(* Let $\Phi$ be a real-valued function defined on $\mathbb{R}^2\times I_{2\pi}^2$ and let $r>0$. Suppose $\Phi$ can be uniformly analytically extended to $\mathbb{W}(r)^2$ with respect to $\boldsymbol\theta$, that for every $\boldsymbol\vartheta\in I_{2\pi}^2$ with $\zeta(\boldsymbol\vartheta)\ne0$ the function $\Phi(\cdot,\boldsymbol\vartheta)$ is $2\pi$-biperiodic, and that there exists $M>0$ such that for all $0<\delta<r$, $$\int_{I_{2\pi}^2}S_{\delta,\Phi}(\boldsymbol\vartheta)\,d\boldsymbol\vartheta\le M.$$ Then for all $0<\delta<r$ and all $\mathbf{k},\mathbf{l}\in\mathbb{Z}^2$, $|\hat\Phi_{\mathbf{k},\mathbf{l}}|\le\frac{M}{2\pi}e^{-\delta\|\mathbf{k}\|_1}$.
   Context: $I_{2\pi}=[0,2\pi)$. For $\boldsymbol\theta=[\theta_0,\theta_1]\in I_{2\pi}^2$, $\zeta(\boldsymbol\theta)=\sqrt{(\min\{\theta_0,2\pi-\theta_0\})^2+(\min\{\theta_1,2\pi-\theta_1\})^2}$. For $r>0$, $\mathbb{W}(r)=\{z\in\mathbb{C}:|\mathrm{Im}\,z|<r\}$. A function $\Phi$ on $\mathbb{R}^2\times I_{2\pi}^2$ can be uniformly analytically extended to $\mathbb{W}(r)^2$ with respect to $\boldsymbol\theta$ if there is a function (still denoted $\Phi$) on $\mathbb{W}(r)^2\times I_{2\pi}^2$ such that for every $\boldsymbol\vartheta\in I_{2\pi}^2$ with $\zeta(\boldsymbol\vartheta)\ne0$, $\Phi(\cdot,\boldsymbol\vartheta)$ is holomorphic on $\mathbb{W}(r)^2$ and coincides with the original $\Phi(\cdot,\boldsymbol\vartheta)$ on $\mathbb{R}^2$. For $0<\delta<r$ and such $\boldsymbol\vartheta$, $S_{\delta,\Phi}(\boldsymbol\vartheta)=2\pi\sup\{|\Phi(\mathbf{z},\boldsymbol\vartheta)|:\mathbf{z}=[z_0,z_1]\in\mathbb{C}^2,\ |\mathrm{Im}\,z_0|=|\mathrm{Im}\,z_1|=\delta\}$. For $\mathbf{k}=[k_0,k_1]\in\mathbb{Z}^2$, $e_{\mathbf{k}}(\boldsymbol\theta)=\frac{1}{2\pi}e^{i(k_0\theta_0+k_1\theta_1)}$, $\|\mathbf{k}\|_1=|k_0|+|k_1|$, and for $\mathbf{k},\mathbf{l}\in\mathbb{Z}^2$, $\hat\Phi_{\mathbf{k},\mathbf{l}}=\int_{I_{2\pi}^2}\int_{I_{2\pi}^2}\Phi(\boldsymbol\theta,\boldsymbol\eta)e_{-\mathbf{k}}(\boldsymbol\theta)e_{-\mathbf{l}}(\boldsymbol\eta)\,d\boldsymbol\theta\,d\boldsymbol\eta$. *)

theory Defs
  imports "HOL-Analysis.Analysis"
begin

definition I2pi :: "real set" where
  "I2pi = {0..<2*pi}"

definition zeta :: "real \<times> real \<Rightarrow> real" where
  "zeta \<theta> = sqrt ((min (fst \<theta>) (2*pi - fst \<theta>))^2 + (min (snd \<theta>) (2*pi - snd \<theta>))^2)"

definition strip :: "real \<Rightarrow> complex set" where
  "strip r = {z. \<bar>Im z\<bar> < r}"

definition holomorphic2_on :: "(complex \<times> complex \<Rightarrow> complex) \<Rightarrow> (complex \<times> complex) set \<Rightarrow> bool" where
  "holomorphic2_on f S \<longleftrightarrow> (\<forall>z\<in>S. \<exists>a b. (f has_derivative (\<lambda>h. a * fst h + b * snd h)) (at z within S))"

definition unif_analytic_ext ::
  "(real \<times> real \<Rightarrow> real \<times> real \<Rightarrow> real) \<Rightarrow> (complex \<times> complex \<Rightarrow> real \<times> real \<Rightarrow> complex) \<Rightarrow> real \<Rightarrow> bool" where
  "unif_analytic_ext Phi Phie r \<longleftrightarrow>
     (\<forall>\<tau> \<in> I2pi \<times> I2pi. zeta \<tau> \<noteq> 0 \<longrightarrow>
        holomorphic2_on (\<lambda>z. Phie z \<tau>) (strip r \<times> strip r) \<and>
        (\<forall>x0 x1. Phie (complex_of_real x0, complex_of_real x1) \<tau> = complex_of_real (Phi (x0, x1) \<tau>)))"

definition S_delta ::
  "real \<Rightarrow> (complex \<times> complex \<Rightarrow> real \<times> real \<Rightarrow> complex) \<Rightarrow> real \<times> real \<Rightarrow> ennreal" where
  "S_delta \<delta> Phie \<tau> = ennreal (2*pi) *
     (SUP z \<in> {z :: complex \<times> complex. \<bar>Im (fst z)\<bar> = \<delta> \<and> \<bar>Im (snd z)\<bar> = \<delta>}. ennreal (cmod (Phie z \<tau>)))"

definition ebasis :: "int \<times> int \<Rightarrow> real \<times> real \<Rightarrow> complex" where
  "ebasis k \<theta> = (1 / (2 * pi)) * exp (\<i> * (of_int (fst k) * fst \<theta> + of_int (snd k) * snd \<theta>))"

definition norm1 :: "int \<times> int \<Rightarrow> int" where
  "norm1 k = \<bar>fst k\<bar> + \<bar>snd k\<bar>"

definition fourier2 :: "(real \<times> real \<Rightarrow> real \<times> real \<Rightarrow> real) \<Rightarrow> int \<times> int \<Rightarrow> int \<times> int \<Rightarrow> complex" where
  "fourier2 Phi k l =
     (LINT \<eta>:(I2pi \<times> I2pi)|lborel. (LINT \<theta>:(I2pi \<times> I2pi)|lborel.
        complex_of_real (Phi \<theta> \<eta>) * ebasis (- k) \<theta> * ebasis (- l) \<eta>))"

end

(* Fix eta away from the origin and put P = Phie(., eta). P is holomorphic on W(r)^2 and, by the
   identity theorem, 2 pi-periodic there in each variable, so by Cauchy's theorem the integral of P
   against e_{-k} over the real torus equals the integral over the shifted torus
   Im z_j = -sgn(k_j) delta. There |P| <= S_delta(eta) / (2 pi) and |e_{-k}| = exp(-delta ||k||_1) / (2 pi),
   which bounds the inner integral pointwise in eta. Integrating over eta, with |e_{-l}| = 1 / (2 pi),
   gives the claim; the excluded point zeta = 0 is the origin, a null set. *)

theory Submission
  imports Defs "HOL-Complex_Analysis.Complex_Analysis"
begin

lemma strip_eq: "strip r = {z. Im z < r} \<inter> {z. Im z > -r}"
  by (auto simp: strip_def)

lemma open_strip: "open (strip r)"
  unfolding strip_eq by (intro open_Int open_halfspace_Im_lt open_halfspace_Im_gt)

lemma convex_strip: "convex (strip r)"
  unfolding strip_eq by (intro convex_Int convex_halfspace_Im_lt convex_halfspace_Im_gt)

lemma strip_add_real_iff [simp]: "z + of_real x \<in> strip r \<longleftrightarrow> z \<in> strip r"
  by (simp add: strip_def)

lemma of_real_in_strip: "r > 0 \<Longrightarrow> of_real x \<in> strip r"
  by (simp add: strip_def)

lemma shifted_real_in_strip: "of_real x + \<i> * of_real c \<in> strip r \<longleftrightarrow> \<bar>c\<bar> < r"
  by (simp add: strip_def)

lemma holomorphic_on_strip_eq_zero:
  fixes g :: "complex \<Rightarrow> complex"
  assumes "r > 0" "g holomorphic_on strip r" "\<And>x. g (of_real x) = 0" "z \<in> strip r"
  shows "g z = 0"
proof (rule analytic_continuation[OF assms(2) open_strip convex_connected[OF convex_strip]])
  show "\<real> \<subseteq> strip r" "0 \<in> strip r"
    using assms(1) by (auto simp: strip_def elim!: Reals_cases)
  show "(0::complex) islimpt \<real>"
  proof (rule islimptI)
    fix T :: "complex set" assume "0 \<in> T" "open T"
    then obtain e where "e > 0" "ball 0 e \<subseteq> T" by (meson openE)
    then show "\<exists>y\<in>\<real>. y \<in> T \<and> y \<noteq> 0"
      by (intro bexI[of _ "of_real (e/2)"]) (auto simp: dist_norm)
  qed
  show "\<And>z. z \<in> \<real> \<Longrightarrow> g z = 0" using assms(3) by (auto elim!: Reals_cases)
qed fact

lemma holomorphic_on_strip_periodic:
  fixes h :: "complex \<Rightarrow> complex"
  assumes r: "r > 0" and hol: "h holomorphic_on strip r"
    and per: "\<And>x. h (of_real (x + p)) = h (of_real x)" and z: "z \<in> strip r"
  shows "h (z + of_real p) = h z"
proof -
  have "(\<lambda>z. h (z + of_real p)) holomorphic_on strip r"
    by (rule holomorphic_on_compose_gen[OF _ hol, unfolded o_def]) (auto intro!: holomorphic_intros)
  then have "(\<lambda>z. h (z + of_real p) - h z) holomorphic_on strip r"
    using hol by (intro holomorphic_intros)
  from holomorphic_on_strip_eq_zero[OF r this _ z] per show ?thesis by simp
qed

* [WHAT IS EXPECTED]: The answer is the run of lines above from the line containing "(SUP z \<in>" through the line containing "real) \<Rightarrow> int", copied exactly and alone.

* [TASK RESPONSE]:
     (SUP z \<in> {z :: complex \<times> complex. \<bar>Im (fst z)\<bar> = \<delta> \<and> \<bar>Im (snd z)\<bar> = \<delta>}. ennreal (cmod (Phie z \<tau>)))"

definition ebasis :: "int \<times> int \<Rightarrow> real \<times> real \<Rightarrow> complex" where
  "ebasis k \<theta> = (1 / (2 * pi)) * exp (\<i> * (of_int (fst k) * fst \<theta> + of_int (snd k) * snd \<theta>))"

definition norm1 :: "int \<times> int \<Rightarrow> int" where
  "norm1 k = \<bar>fst k\<bar> + \<bar>snd k\<bar>"

definition fourier2 :: "(real \<times> real \<Rightarrow> real \<times> real \<Rightarrow> real) \<Rightarrow> int \<times> int \<Rightarrow> int \<times> int \<Rightarrow> complex" where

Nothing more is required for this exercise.